Financing Pakistan Efforts to arrest Climate Change

by M. Wasim

Climate Change is a global issue and can only be tackled with global efforts. But disparity of resources between developing and developed world has always been a big obstacle in this regards. Powerful nations, international organizations and financial institutions all have to come up to help countries who are developing and top vulnerable to climate change.  

The world is interdependent with nothing bound by borders so global warming is equally impacting the whole world. The resource-rich countries, therefore, have to support the developing countries which are at the frontline to fight the war of climate change.

Incentifying Climate Performance

While addressing the main ceremony of World Environment Day hosted by Pakistan, Prime Minister Imran Khan says “The issue is resource gap. Pakistan has minimal contribution in carbon emission. The rich countries responsible for huge carbon emission have the responsibility to at least provide funds so that the countries like ours may fight global warming and improve our environment.”

Pakistan, therefore released a joint statement with Canada, Britain, Germany and the United Nations Development Programme outlining its push to establish a “Nature Performance Bond” to provide the country with accelerated access to development financing and debt relief in exchange for meeting ecosystem restoration targets. Elaborating it, Imran Khan writes in his Opinion Piece for the CNN “Pakistan is presently working with international creditors on a debt-for-nature swap deal, in which relief will be linked to achievements in biodiversity conservation.”

Launching Green Bond

Recently Pakistan also floated the country’s first Green Bond, amounting to $500 million. The Water and Power Development Authority on May 27, 2021 launched the country’s first-ever US dollar-denominated green Eurobonds, seeking $500 million for environmentally friendly projects to enhance the clean energy share in the country’s power generation mix, which relies heavily on fossil fuels — particularly coal.

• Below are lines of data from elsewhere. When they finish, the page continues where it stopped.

(* Let $\vec G=(G,\alpha,w)$ be a finite magnetic graph with underlying graph $G=(V,E,\partial)$, let $V_1\subseteq V_0\subseteq V$, and let $A$ be an $s$-partition of $r\in\mathbb{N}$. Then the spectrum of the normalised magnetic Laplacian of the $V_1$-contracted $A$-union $\vec F_{A,V_1}=\vec F_{A,V_1}(\vec G,V_0)$ is $$\operatorname{spec}(\vec F_{A,V_1})=\operatorname{spec}(\vec G)\uplus\operatorname{spec}(\vec G^+_{V_0})^{(r-s)}\uplus\operatorname{spec}(\vec G^+_{V_1})^{(s-1)}.$$
   Context: A graph $G=(V,E,\partial)$: finite disjoint sets $V,E$, incidence $\partial e=(\partial_-e,\partial_+e)$, inversion $e\mapsto\bar e$ ($\bar{\bar e}=e$, $\bar e\ne e$, $\partial_\pm\bar e=\partial_\mp e$); loops/multiple edges allowed; $E_v=\{e:\partial_-e=v\}$, $\deg v=|E_v|>0$. A magnetic graph $\vec G=(G,\alpha,w)$ has $w:E\to(0,\infty)$, $w_{\bar e}=w_e$, and $\alpha:E\to\mathbb{R}/2\pi\mathbb{Z}$, $\alpha_{\bar e}=-\alpha_e$; $\deg^wv=\sum_{e\in E_v}w_e$. The (normalised) magnetic Laplacian on $\ell^2(V,\deg^w)$ is $(\Delta f)(v)=f(v)-\frac1{\deg^wv}\sum_{e\in E_v}w_ee^{i\alpha_e}f(\partial_+e)$; $\operatorname{spec}(\vec G)$ is its eigenvalue multiset. For $W\subseteq V$, $\operatorname{spec}(\vec G^+_W)$ is the eigenvalue multiset of the Dirichlet Laplacian $\iota_W^*\Delta\iota_W$ with $\iota_W:\ell^2(V\setminus W,\deg^w)\to\ell^2(V,\deg^w)$ extension by zero. Contraction of vertices along an equivalence relation keeps all edges (with their weights and potentials) and replaces vertices by classes, incidence $e\mapsto([\partial_-e],[\partial_+e])$. Frame member: $G^a$ is the disjoint union of $a$ copies $G\times\{j\}$; with $(v,i)\sim(v',j)$ iff $(v,i)=(v',j)$ or ($v=v'\in V_0$), $F_a(\vec G,V_0)=G^a/\!\sim$ with $w_{(e,j)}=w_e$, $\alpha_{(e,j)}=\alpha_e$. An $s$-partition of $r$ is a multiset $A=\{\!\{a_1,\dots,a_s\}\!\}$ of natural numbers with sum $r$. $\vec F_A=\bigsqcup_{i=1}^sF_{a_i}(\vec G,V_0)\times\{i\}$, and $\vec F_{A,V_1}$ is obtained from $\vec F_A$ by contracting, for each $v_1\in V_1$, the $s$ vertices $([v_1],i)$, $i=1,\dots,s$, into one vertex. Multisets: $\uplus$ adds multiplicities; $M^{(k)}$ multiplies multiplicities by $k$ ($M^{(0)}$ empty). *)

theory Defs
  imports Complex_Main "HOL-Computational_Algebra.Polynomial" "HOL-Library.Multiset"
    "HOL-Combinatorics.Permutations"
begin

text \<open>A (magnetic) graph: vertex set, edge set, incidence (tail, head), inversion,
  weight w and magnetic potential alpha (a real representative of an element of R/2piZ;
  only exp(i alpha) enters the Laplacian).\<close>

record ('v, 'e) mgraph =
  mg_V :: "'v set"
  mg_E :: "'e set"
  mg_src :: "'e \<Rightarrow> 'v"
  mg_tgt :: "'e \<Rightarrow> 'v"
  mg_inv :: "'e \<Rightarrow> 'e"
  mg_w :: "'e \<Rightarrow> real"
  mg_alpha :: "'e \<Rightarrow> real"

definition magnetic_graph :: "('v, 'e) mgraph \<Rightarrow> bool" where
  "magnetic_graph G \<longleftrightarrow>
     finite (mg_V G) \<and> finite (mg_E G) \<and>
     (\<forall>e\<in>mg_E G.
        mg_src G e \<in> mg_V G \<and> mg_tgt G e \<in> mg_V G \<and>
        mg_inv G e \<in> mg_E G \<and> mg_inv G (mg_inv G e) = e \<and> mg_inv G e \<noteq> e \<and>
        mg_src G (mg_inv G e) = mg_tgt G e \<and> mg_tgt G (mg_inv G e) = mg_src G e \<and>
        mg_w G e > 0 \<and> mg_w G (mg_inv G e) = mg_w G e \<and>
        (\<exists>k::int. mg_alpha G (mg_inv G e) = - mg_alpha G e + 2 * pi * of_int k)) \<and>
     (\<forall>v\<in>mg_V G. \<exists>e\<in>mg_E G. mg_src G e = v)"

definition out_edges :: "('v, 'e) mgraph \<Rightarrow> 'v \<Rightarrow> 'e set" where
  "out_edges G v = {e \<in> mg_E G. mg_src G e = v}"

definition wdeg :: "('v, 'e) mgraph \<Rightarrow> 'v \<Rightarrow> real" where
  "wdeg G v = (\<Sum>e\<in>out_edges G v. mg_w G e)"

text \<open>Matrix of the normalised magnetic Laplacian in the standard basis (delta functions):
  (Delta f)(v) = f(v) - 1/deg^w v * sum_{e in E_v} w_e e^{i alpha_e} f(tgt e).\<close>

definition lap :: "('v, 'e) mgraph \<Rightarrow> 'v \<Rightarrow> 'v \<Rightarrow> complex" where
  "lap G v u = (if v = u then 1 else 0)
     - (\<Sum>e\<in>{e\<in>out_edges G v. mg_tgt G e = u}.
          complex_of_real (mg_w G e) * exp (\<i> * complex_of_real (mg_alpha G e)))
       / complex_of_real (wdeg G v)"

definition charpoly_on :: "'v set \<Rightarrow> ('v \<Rightarrow> 'v \<Rightarrow> complex) \<Rightarrow> complex poly" where
  "charpoly_on S M = (\<Sum>p\<in>{p. p permutes S}. of_int (sign p) *
      (\<Prod>v\<in>S. if p v = v then [:- M v v, 1:] else [:- M v (p v):]))"

definition spec :: "('v, 'e) mgraph \<Rightarrow> complex multiset" where
  "spec G = proots (charpoly_on (mg_V G) (lap G))"

text \<open>Dirichlet Laplacian iota_W^* Delta iota_W on l^2(V - W, deg^w): since the weighted inner
  product is diagonal, iota_W^* is restriction to V - W, so its matrix is the
  (V - W) x (V - W) block of the Laplacian matrix.\<close>
definition dirichlet_spec :: "('v, 'e) mgraph \<Rightarrow> 'v set \<Rightarrow> complex multiset" where
  "dirichlet_spec G W = proots (charpoly_on (mg_V G - W) (lap G))"

definition contract :: "('v, 'e) mgraph \<Rightarrow> 'v rel \<Rightarrow> ('v set, 'e) mgraph" where
  "contract G R = \<lparr> mg_V = mg_V G // R, mg_E = mg_E G,
      mg_src = (\<lambda>e. R `` {mg_src G e}), mg_tgt = (\<lambda>e. R `` {mg_tgt G e}),
      mg_inv = mg_inv G, mg_w = mg_w G, mg_alpha = mg_alpha G \<rparr>"

definition copies :: "('v, 'e) mgraph \<Rightarrow> nat \<Rightarrow> ('v \<times> nat, 'e \<times> nat) mgraph" where
  "copies G a = \<lparr> mg_V = mg_V G \<times> {..<a}, mg_E = mg_E G \<times> {..<a},
      mg_src = (\<lambda>(e, j). (mg_src G e, j)), mg_tgt = (\<lambda>(e, j). (mg_tgt G e, j)),
      mg_inv = (\<lambda>(e, j). (mg_inv G e, j)), mg_w = (\<lambda>(e, j). mg_w G e),
      mg_alpha = (\<lambda>(e, j). mg_alpha G e) \<rparr>"

definition frame_rel :: "('v, 'e) mgraph \<Rightarrow> 'v set \<Rightarrow> nat \<Rightarrow> (('v \<times> nat) \<times> ('v \<times> nat)) set" where
  "frame_rel G V0 a = {((v, i), (v', j)). (v, i) \<in> mg_V G \<times> {..<a} \<and> (v', j) \<in> mg_V G \<times> {..<a} \<and>
      ((v, i) = (v', j) \<or> (v = v' \<and> v \<in> V0))}"

definition frame :: "('v, 'e) mgraph \<Rightarrow> 'v set \<Rightarrow> nat \<Rightarrow> (('v \<times> nat) set, 'e \<times> nat) mgraph" where
  "frame G V0 a = contract (copies G a) (frame_rel G V0 a)"

text \<open>The vertex [v] of F_a(G, V0) (for v in V0 it does not depend on the copy).\<close>
definition frame_cls :: "('v, 'e) mgraph \<Rightarrow> 'v set \<Rightarrow> nat \<Rightarrow> 'v \<Rightarrow> ('v \<times> nat) set" where
  "frame_cls G V0 a v = frame_rel G V0 a `` {(v, 0)}"

definition dunion :: "(nat \<Rightarrow> ('v, 'e) mgraph) \<Rightarrow> nat \<Rightarrow> ('v \<times> nat, 'e \<times> nat) mgraph" where
  "dunion H s = \<lparr> mg_V = {(x, i). i < s \<and> x \<in> mg_V (H i)},
      mg_E = {(e, i). i < s \<and> e \<in> mg_E (H i)},
      mg_src = (\<lambda>(e, i). (mg_src (H i) e, i)), mg_tgt = (\<lambda>(e, i). (mg_tgt (H i) e, i)),
      mg_inv = (\<lambda>(e, i). (mg_inv (H i) e, i)), mg_w = (\<lambda>(e, i). mg_w (H i) e),
      mg_alpha = (\<lambda>(e, i). mg_alpha (H i) e) \<rparr>"

definition A_union :: "('v, 'e) mgraph \<Rightarrow> 'v set \<Rightarrow> nat multiset
     \<Rightarrow> ((('v \<times> nat) set) \<times> nat, ('e \<times> nat) \<times> nat) mgraph" where
  "A_union G V0 A = (let as = sorted_list_of_multiset A in
      dunion (\<lambda>i. frame G V0 (as ! i)) (length as))"

definition contr_rel :: "('v, 'e) mgraph \<Rightarrow> 'v set \<Rightarrow> nat multiset \<Rightarrow> 'v set
     \<Rightarrow> ((('v \<times> nat) set \<times> nat) \<times> (('v \<times> nat) set \<times> nat)) set" where
  "contr_rel G V0 A V1 = (let as = sorted_list_of_multiset A in
      {((x, i), (y, j)). (x, i) \<in> mg_V (A_union G V0 A) \<and> (y, j) \<in> mg_V (A_union G V0 A) \<and>
        ((x, i) = (y, j) \<or>
         (\<exists>v1\<in>V1. x = frame_cls G V0 (as ! i) v1 \<and> y = frame_cls G V0 (as ! j) v1))})"

definition contracted_A_union :: "('v, 'e) mgraph \<Rightarrow> 'v set \<Rightarrow> nat multiset \<Rightarrow> 'v set
     \<Rightarrow> ((('v \<times> nat) set \<times> nat) set, ('e \<times> nat) \<times> nat) mgraph" where
  "contracted_A_union G V0 A V1 = contract (A_union G V0 A) (contr_rel G V0 A V1)"

end

theory Submission
  imports Defs "Jordan_Normal_Form.Char_Poly" "HOL-Library.Disjoint_Sets"
begin

(* The contracted A-union consists of r = sum_mset A copies ("sheets") of G, glued vertex-wise: over
   v the sheets fall into the blocks of a partition P v (one block if v is in V1, one block per frame
   member if v is in V0 - V1, singletons otherwise), and the vertices of the union are the pairs
   (v, B) with B in P v. Its Laplacian is the transition operator of G lifted to these pairs.

   Take r test vectors b_k on the sheets, each constant on the blocks over a region V_k and summing
   to zero on every block over V - V_k. Then f |-> ((v, B) |-> f v * avg_B b_k) maps functions on V_k
   that vanish outside V_k into the union and intertwines the Dirichlet Laplacian on V_k with the
   Laplacian of the union. The constant vector (V_k = V), s - 1 vectors balancing the frame members
   (V_k = V - V1) and r - s vectors balancing the sheets of one member (V_k = V - V0) are linearly
   independent, and a count of blocks shows that the combined intertwiner is square. Its kernel is
   trivial, so the characteristic polynomial of the union is the product of the three Dirichlet
   characteristic polynomials with multiplicities 1, s - 1 and r - s. *)

section \<open>Determinants of matrices indexed by finite sets\<close>

definition det_on :: "'a set \<Rightarrow> ('a \<Rightarrow> 'a \<Rightarrow> 'b::comm_ring_1) \<Rightarrow> 'b" where
  "det_on S F = (\<Sum>p\<in>{p. p permutes S}. of_int (sign p) * (\<Prod>v\<in>S. F v (p v)))"

lemma det_on_cong:
  assumes "\<And>u v. u \<in> S \<Longrightarrow> v \<in> S \<Longrightarrow> F u v = F' u v"
  shows "det_on S F = det_on S F'"
  unfolding det_on_def
  by (intro sum.cong refl arg_cong2[where f="(*)"] prod.cong)
     (use assms in \<open>auto simp: permutes_in_image\<close>)

lemma det_on_reindex:
  assumes bij: "bij_betw h S' S" and fin: "finite S'"
  shows "det_on S F = det_on S' (\<lambda>a b. F (h a) (h b))"
proof -
  let ?\<Phi> = "\<lambda>\<pi> x. if x \<in> S then h (\<pi> (inv_into S' h x)) else x"
  have inj: "inj_on h S'" and hS: "h ` S' = S"
    using bij by (auto simp: bij_betw_def)
  have "det_on S F = (\<Sum>p | p permutes S'. of_int (sign (?\<Phi> p)) * (\<Prod>v\<in>S. F v (?\<Phi> p v)))"
    unfolding det_on_def by (rule sum.reindex_bij_betw[OF bij_betw_permutations[OF bij], symmetric])
  also have "\<dots> = det_on S' (\<lambda>a b. F (h a) (h b))"
    unfolding det_on_def
  proof (intro sum.cong refl)
    fix p assume p: "p \<in> {p. p permutes S'}"
    have "?\<Phi> p = map_permutation S' h p"
      unfolding map_permutation_def restrict_id_def hS by (auto simp: fun_eq_iff)
    hence "sign (?\<Phi> p) = sign p" using sign_map_permutation[OF inj _ fin] p by simp
    moreover have "(\<Prod>v\<in>S. F v (?\<Phi> p v)) = (\<Prod>a\<in>S'. F (h a) (h (p a)))"
      unfolding prod.reindex_bij_betw[OF bij, symmetric]
      using bij by (intro prod.cong refl) (auto simp: bij_betw_inv_into_left bij_betw_apply)
    ultimately show "of_int (sign (?\<Phi> p)) * (\<Prod>v\<in>S. F v (?\<Phi> p v)) =
        of_int (sign p) * (\<Prod>a\<in>S'. F (h a) (h (p a)))" by simp
  qed
  finally show ?thesis .
qed

lemma det_on_eq_det_mat: "det_on {0..<n} F = det (mat n n (\<lambda>(i,j). F i j))"
proof -
  have "det (mat n n (\<lambda>(i,j). F i j)) = (\<Sum>p | p permutes {0..<n}.
     of_int (sign p) * (\<Prod>i = 0..<n. mat n n (\<lambda>(i,j). F i j) $$ (i, p i)))"
    by (rule det_def') simp
  also have "\<dots> = det_on {0..<n} F"
    unfolding det_on_def
    by (intro sum.cong refl arg_cong2[where f="(*)"] prod.cong) (auto simp: permutes_in_image)
  finally show ?thesis by simp
qed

The Green Bond has been well received in international market, buoyed by widespread global investors’ interest. Malik Amin Aslam, Special Asistant to Prime Minister on Climate Change elaborates about it “The green bond is six times oversubscribed … which shows there is a global appetite for a country that has economic stability and as well as green credibility.”

Other Financing Venues

Malik Amin Aslam further revealed the government plans to further tap the green bond avenue for building and transport financing. According to him the government also completed its first assessment for blue bonds, a financing instrument that raises capital from global investors for projects that protect ocean ecology and related industries, such as fisheries and eco-tourism.